Elizabeth Wolstenholme was born in Cheetham Hill, Manchester and baptised on 15 December 1833 in Eccles, Lancashire where her father was a Methodist minister. She was the daughter of Revd Joseph Wolstenholme who died around 1843 much of her formative years were spent in Roe Green with her maternal family. Her mother Elizabeth had died when she was very young and she was brought up by her stepmother Mary (née Lord). She attended Fulneck Moravian School for two years but was not permitted to study further. Her brother Joseph Wolstenholme (1829–1891) became a professor of mathematics at Cambridge University. She opened a private girls' boarding school in Boothstown near Worsley and stayed there until 1865 when she moved her establishment to Congleton in Cheshire.

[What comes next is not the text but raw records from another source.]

lemma allowable_simplex_simplex_map:
  assumes p: "perversity p" and \<sigma>: "singular_simplex i X \<sigma>" and f: "continuous_map X Y f"
    and f\<Sigma>: "\<And>x. x \<in> topspace X \<Longrightarrow> f x \<in> \<Sigma>' \<longleftrightarrow> x \<in> \<Sigma>"
    and allowable: "allowable_simplex p X \<Sigma> k i \<sigma>"
  shows "allowable_simplex p Y \<Sigma>' k i (simplex_map i f \<sigma>)"
proof -
  have "{x \<in> standard_simplex i. simplex_map i f \<sigma> x \<in> \<Sigma>'} = {x \<in> standard_simplex i. \<sigma> x \<in> \<Sigma>}"
    using \<sigma> f\<Sigma> by (auto simp: simplex_map_def singular_simplex_def continuous_map_def)
  then show ?thesis
    using allowable
    by (simp add: allowable_simplex_iff [OF p \<sigma>] allowable_simplex_iff [OF p singular_simplex_simplex_map [OF \<sigma> f]])
qed

lemma allowable_chain_chain_map:
  assumes p: "perversity p" and c: "singular_chain i X c" and f: "continuous_map X Y f"
    and f\<Sigma>: "\<And>x. x \<in> topspace X \<Longrightarrow> f x \<in> \<Sigma>' \<longleftrightarrow> x \<in> \<Sigma>"
    and allowable: "allowable_chain p X \<Sigma> k i c"
  shows "allowable_chain p Y \<Sigma>' k i (chain_map i f c)"
  unfolding allowable_chain_def
proof
  fix \<tau>
  assume "\<tau> \<in> Poly_Mapping.keys (chain_map i f c)"
  then obtain \<sigma> where "\<sigma> \<in> Poly_Mapping.keys c" "\<tau> = simplex_map i f \<sigma>"
    using keys_frag_extend [of "frag_of \<circ> simplex_map i f" c] by (auto simp: chain_map_def keys_frag_of)
  then show "allowable_simplex p Y \<Sigma>' k i \<tau>"
    using c allowable allowable_simplex_simplex_map [OF p _ f f\<Sigma>]
    by (auto simp: singular_chain_def allowable_chain_def)
qed

text \<open>A point \<open>x\<close> of the \<open>i\<close>-th prism simplex lies over the point \<open>simplicial_degeneracy i x\<close>
  of the base, whose support has at most one vertex less: raising the dimension of the simplex by
  one raises the dimension of the allowed skeleton by one as well.\<close>

lemma allowable_simplex_prism_simplex:
  assumes p: "perversity p" and \<sigma>: "singular_simplex q X \<sigma>" and "i \<le> q"
    and h: "continuous_map (prod_topology (top_of_set {0..1::real}) X) Y h"
    and h\<Sigma>: "\<And>t x. t \<in> {0..1} \<Longrightarrow> x \<in> topspace X \<Longrightarrow> h (t, x) \<in> \<Sigma>' \<longleftrightarrow> x \<in> \<Sigma>"
    and allowable: "allowable_simplex p X \<Sigma> k q \<sigma>"
  shows "allowable_simplex p Y \<Sigma>' k (Suc q) (simplex_map (Suc q) (prism_map h \<sigma>) (prism_simplex q i))"
proof -
  let ?\<tau> = "simplex_map (Suc q) (prism_map h \<sigma>) (prism_simplex q i)"
  have "x \<in> skeleton_std (Suc q) (int (Suc q) - int k + p k)"
    if x: "x \<in> standard_simplex (Suc q)" and "?\<tau> x \<in> \<Sigma>'" for x
  proof -
    let ?d = "simplicial_degeneracy i x"
    have d: "?d \<in> standard_simplex q"
      using simplicial_degeneracy_in_standard_simplex [OF \<open>i \<le> q\<close> x] .
    have "?\<tau> x = h (prism_simplex q i x 0, \<sigma> ?d)"
      using x by (simp add: simplex_map_def prism_map_def prism_simplex_base)
    then have "\<sigma> ?d \<in> \<Sigma>"
      using \<open>?\<tau> x \<in> \<Sigma>'\<close> h\<Sigma> prism_simplex_time [OF x] d \<sigma>
      by (auto simp: singular_simplex_def continuous_map_def)
    then have "?d \<in> skeleton_std q (int q - int k + p k)"
      using d allowable by (auto simp: allowable_simplex_iff [OF p \<sigma>])
    then have "int (card {n. n \<le> q \<and> ?d n \<noteq> 0}) \<le> int q - int k + p k + 1"
      by (simp add: skeleton_std_def)
    then show ?thesis
      using x card_support_le_simplicial_degeneracy [OF \<open>i \<le> q\<close> x] by (simp add: skeleton_std_def)
  qed
  then show ?thesis
    by (auto simp: allowable_simplex_iff [OF p singular_simplex_prism_simplex [OF h \<sigma> \<open>i \<le> q\<close>]])
qed
lemma typed_rstep_expand:
  "rstep a (Some b) \<Longrightarrow>
     (wf_rterm a \<longrightarrow> typed \<Theta> b A \<longrightarrow> typed \<Theta> a A) \<and>
     (wf_bag a \<longrightarrow> typed_arg \<Theta> b I \<longrightarrow> typed_arg \<Theta> a I)"
proof (induction a "Some b" arbitrary: b \<Theta> A I rule: rstep.induct)
  case (beta ls m n)
  show ?case
  proof (intro conjI impI)
    assume "wf_rterm (RApp (rplugL ls (RLam m)) n)"
      "typed \<Theta> (rplugL ls (RES m (rlift (length ls) 0 n))) A"
    then obtain B where "n = RBag B"
      "typed \<Theta> (rplugL ls (RES m (RBag (image_mset (rlift (length ls) 0) B)))) A"
      by (auto simp: wf_bag_def)
    then show "typed \<Theta> (RApp (rplugL ls (RLam m)) n) A"
      by (auto dest!: typed_beta_inv intro: typed_app)
  qed simp
next
  case (subs ls m B m')
  show ?case
  proof (intro conjI impI)
    assume "wf_rterm (RES m (rplugL ls (RBag B)))" "typed \<Theta> (rplugL ls m') A"
    then have "ls = []" "wf_rterm m" "lsub 0 m B m'" "typed \<Theta> m' A"
      using subs.hyps by auto
    then obtain \<Gamma> \<Delta> where "typed \<Gamma> m A" "typed_bag \<Delta> B (\<Gamma> 0)" "\<Theta> = ctx_del 0 \<Gamma> + \<Delta>"
      using typed_lsub_inv(1) unfolding lsub_ctx_def by blast
    moreover obtain I \<Gamma>' where "\<Gamma> = ctx_cons I \<Gamma>'"
      by (metis ctx_cons_tl)
    ultimately show "typed \<Theta> (RES m (rplugL ls (RBag B))) A"
      using \<open>ls = []\<close> by (auto intro: typed_es)
  qed simp
next
  case (c_lam m r)
  then show ?case
    by (fastforce simp: typed_RLam_iff intro: typed_lam)
next
  case (c_appL m r n)
  then show ?case
    by (fastforce simp: typed_RApp_iff)
next
  case (c_appR n r m)
  then show ?case
    by (fastforce simp: typed_RApp_iff)
next
  case (c_esL m r n)
  then show ?case
    by (fastforce simp: typed_RES_iff)
next
  case (c_esR n r m)
  then show ?case
    by (fastforce simp: typed_RES_iff)
next
  case (c_bag m r B)
  show ?case
  proof (intro conjI impI)
    assume "wf_bag (RBag (add_mset m B))" "typed_arg \<Theta> b I"
    moreover obtain m' where "r = Some m'" "b = RBag (add_mset m' B)"
      using c_bag.hyps by auto
    ultimately obtain \<Gamma> \<Delta> A J where "typed \<Gamma> m' A" "typed_bag \<Delta> B J" "I = add_mset A J"
      "\<Theta> = \<Gamma> + \<Delta>" "wf_rterm m"
      by (auto dest: typed_bag_add_mset_inv)
    with c_bag.hyps(2) \<open>r = Some m'\<close> show "typed_arg \<Theta> (RBag (add_mset m B)) I"
      by (auto intro: typed_bag_add)
  qed simp
next
  case (der_one ls m)
  show ?case by simp
next
  case (c_der m r)
  show ?case by simp
qed

lemma typed_rred_expand: "rred\<^sup>*\<^sup>* a b \<Longrightarrow> wf_rterm a \<Longrightarrow> typed \<Theta> b A \<Longrightarrow> typed \<Theta> a A"
proof (induction rule: converse_rtranclp_induct)
  case (step a a')
  then show ?case
    using typed_rstep_expand wf_rstep unfolding rred_def by blast
qed

text \<open>The second claim, that a normal non-abstraction can be given any type, is the induction
  hypothesis needed for the head of an application.\<close>
lemma typed_rnormal:
  "wf_rterm p \<Longrightarrow> rnormal p \<Longrightarrow>
     (\<exists>\<Theta> A. typed \<Theta> p A) \<and> ((\<nexists>m. p = RLam m) \<longrightarrow> (\<forall>A. \<exists>\<Theta>. typed \<Theta> p A))"
proof (induction rule: wf_rterm.induct)
  case (wf_var x)
  then show ?case
    by (auto intro: typed_var)
next
  case (wf_lam m)
  then obtain \<Theta> A where "typed \<Theta> m A"
    using rnormal_RLam by blast
  then have "typed (ctx_cons (\<Theta> 0) (\<lambda>i. \<Theta> (Suc i))) m A"
    by (simp add: ctx_cons_tl)
  then show ?case
    by (blast intro: typed_lam)
next
  case (wf_app m B)
  then have "rnormal m" "\<nexists>m'. m = RLam m'" "\<forall>b\<in>#B. rnormal b"
    by (auto dest: rnormal_RApp rnormal_RBag simp: not_rnormal_beta_root)
  with wf_app.IH obtain \<Delta> I where B: "typed_bag \<Delta> B I"
    using typed_bag_of_typed by meson
  have "\<exists>\<Theta>. typed \<Theta> (RApp m (RBag B)) A" for A
  proof -
    from wf_app.IH(1) \<open>rnormal m\<close> \<open>\<nexists>m'. m = RLam m'\<close> obtain \<Gamma> where "typed \<Gamma> m (Arr I A)"
      by blast
    with B show ?thesis
      by (blast intro: typed_app)
  qed
  then show ?case
    by blast
next
  case (wf_es m B)
  then show ?case
    using not_rnormal_RES by blast
qed

section \<open>The Taylor expansion\<close>

lemma taylor_n_DVar_iff: "taylor_n m (DVar x) \<longleftrightarrow> m = RVar x"
  and taylor_n_DLam_iff: "taylor_n m (DLam M) \<longleftrightarrow> (\<exists>m0. m = RLam m0 \<and> taylor_n m0 M)"
  and taylor_n_DApp_iff: "taylor_n m (DApp M N) \<longleftrightarrow>
    (\<exists>m0 B. m = RApp m0 (RBag B) \<and> taylor_n m0 M \<and> (\<forall>b\<in>#B. taylor_n b N))"
  and taylor_n_DES_iff: "taylor_n m (DES M N) \<longleftrightarrow>
    (\<exists>m0 B. m = RES m0 (RBag B) \<and> taylor_n m0 M \<and> (\<forall>b\<in>#B. taylor_n b N))"
  by (auto elim: taylor_n.cases intro: taylor_n.intros)

lemma taylor_n_RVar_iff: "taylor_n (RVar x) P \<longleftrightarrow> P = DVar x"
  and taylor_n_RLam_iff: "taylor_n (RLam m) P \<longleftrightarrow> (\<exists>P0. P = DLam P0 \<and> taylor_n m P0)"
  and taylor_n_RApp_iff: "taylor_n (RApp m n) P \<longleftrightarrow>
    (\<exists>P1 P2 B. P = DApp P1 P2 \<and> n = RBag B \<and> taylor_n m P1 \<and> (\<forall>b\<in>#B. taylor_n b P2))"
  and taylor_n_RES_iff: "taylor_n (RES m n) P \<longleftrightarrow>
    (\<exists>P1 P2 B. P = DES P1 P2 \<and> n = RBag B \<and> taylor_n m P1 \<and> (\<forall>b\<in>#B. taylor_n b P2))"
  by (auto elim: taylor_n.cases intro: taylor_n.intros)

lemma not_taylor_n_RDer [simp]: "\<not> taylor_n (RDer m) P"
  and not_taylor_n_RBag [simp]: "\<not> taylor_n (RBag B) P"
  by (auto elim: taylor_n.cases)

lemma taylor_n_wf: "taylor_n m M \<Longrightarrow> wf_rterm m"
  by (induction rule: taylor_n.induct) auto

lemma taylor_n_rlift: "taylor_n m M \<Longrightarrow> taylor_n (rlift k c m) (dlift k c M)"
  by (induction m M arbitrary: c rule: taylor_n.induct) (auto intro!: taylor_n.intros)

lemma image_mset_choice:
  assumes "\<forall>b\<in>#B. \<exists>a. P a \<and> b = f a"
  obtains A where "\<forall>a\<in>#A. P a" "B = image_mset f A"
proof -
  have "\<exists>A. (\<forall>a\<in>#A. P a) \<and> B = image_mset f A"
    using assms
  proof (induction B)
    case (add b B)
    then obtain A a where "\<forall>a\<in>#A. P a" "B = image_mset f A" "P a" "b = f a"
      by auto
    then show ?case
      by (intro exI[of _ "add_mset a A"]) auto
  qed simp
  with that show thesis
    by blast
qed

lemma taylor_n_dlift_inv: "taylor_n m' (dlift k c M) \<Longrightarrow> \<exists>m. taylor_n m M \<and> m' = rlift k c m"
proof (induction M arbitrary: m' c)
  case (DVar x)
  then show ?case
    by (auto simp: taylor_n_DVar_iff intro: taylor_n.intros)
next
  case (DLam M)
  from DLam.prems obtain q where "m' = RLam q" "taylor_n q (dlift k (Suc c) M)"
    by (auto simp: taylor_n_DLam_iff)
  moreover from this(2) obtain q0 where "taylor_n q0 M" "q = rlift k (Suc c) q0"
    using DLam.IH by blast
  ultimately show ?case
    by (intro exI[of _ "RLam q0"]) (auto intro: taylor_n.intros)
next
  case (DApp M N)
  from DApp.prems obtain a B' where m': "m' = RApp a (RBag B')" "taylor_n a (dlift k c M)"
    "\<forall>b\<in>#B'. taylor_n b (dlift k c N)"
    by (auto simp: taylor_n_DApp_iff)
  from m'(2) obtain a0 where a0: "taylor_n a0 M" "a = rlift k c a0"
    using DApp.IH(1) by blast
  have "\<forall>b\<in>#B'. \<exists>b0. taylor_n b0 N \<and> b = rlift k c b0"
    using m'(3) DApp.IH(2) by blast
  then obtain B0 where B0: "\<forall>b\<in>#B0. taylor_n b N" "B' = image_mset (rlift k c) B0"
    by (rule image_mset_choice)
  show ?case
    using m'(1) a0 B0 by (intro exI[of _ "RApp a0 (RBag B0)"]) (auto intro: taylor_n.intros)
next
  case (DES M N)
  from DES.prems obtain a B' where m': "m' = RES a (RBag B')" "taylor_n a (dlift k (Suc c) M)"
    "\<forall>b\<in>#B'. taylor_n b (dlift k c N)"
    by (auto simp: taylor_n_DES_iff)
  from m'(2) obtain a0 where a0: "taylor_n a0 M" "a = rlift k (Suc c) a0"
    using DES.IH(1) by blast
  have "\<forall>b\<in>#B'. \<exists>b0. taylor_n b0 N \<and> b = rlift k c b0"
    using m'(3) DES.IH(2) by blast
  then obtain B0 where B0: "\<forall>b\<in>#B0. taylor_n b N" "B' = image_mset (rlift k c) B0"
    by (rule image_mset_choice)
  show ?case
    using m'(1) a0 B0 by (intro exI[of _ "RES a0 (RBag B0)"]) (auto intro: taylor_n.intros)
qed

definition taylor_arg :: "rterm \<Rightarrow> dterm \<Rightarrow> bool" where
  "taylor_arg n N \<longleftrightarrow> (\<exists>B. n = RBag B \<and> (\<forall>b\<in>#B. taylor_n b N))"

lemma taylor_arg_RBag [simp]: "taylor_arg (RBag B) N \<longleftrightarrow> (\<forall>b\<in>#B. taylor_n b N)"
  by (simp add: taylor_arg_def)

Wolstenholme, dismayed with the woeful standard of elementary education for girls, joined the College of Preceptors in 1862 and through this organisation met Emily Davies. They campaigned together for girls to be given the same access to higher education as boys. Wolstenholme founded the Manchester Schoolmistresses Association in 1865 and in 1866 gave evidence to the Taunton Commission into education, one of the first women to give evidence at a Parliamentary Select Committee. In 1867 Wolstenholme represented Manchester on the newly formed North of England Council for Promoting the Higher Education of Women. Emily Davies and Wolstenholme quarrelled over how women should be examined at a Higher Level and Wolstenholme who had formed the Manchester branch of the 'Society for the Promotion of the Employment in Women' in 1865 was keen for a curriculum aimed at developing skills for employment whereas Davies wished for women to be taught the same syllabus as men.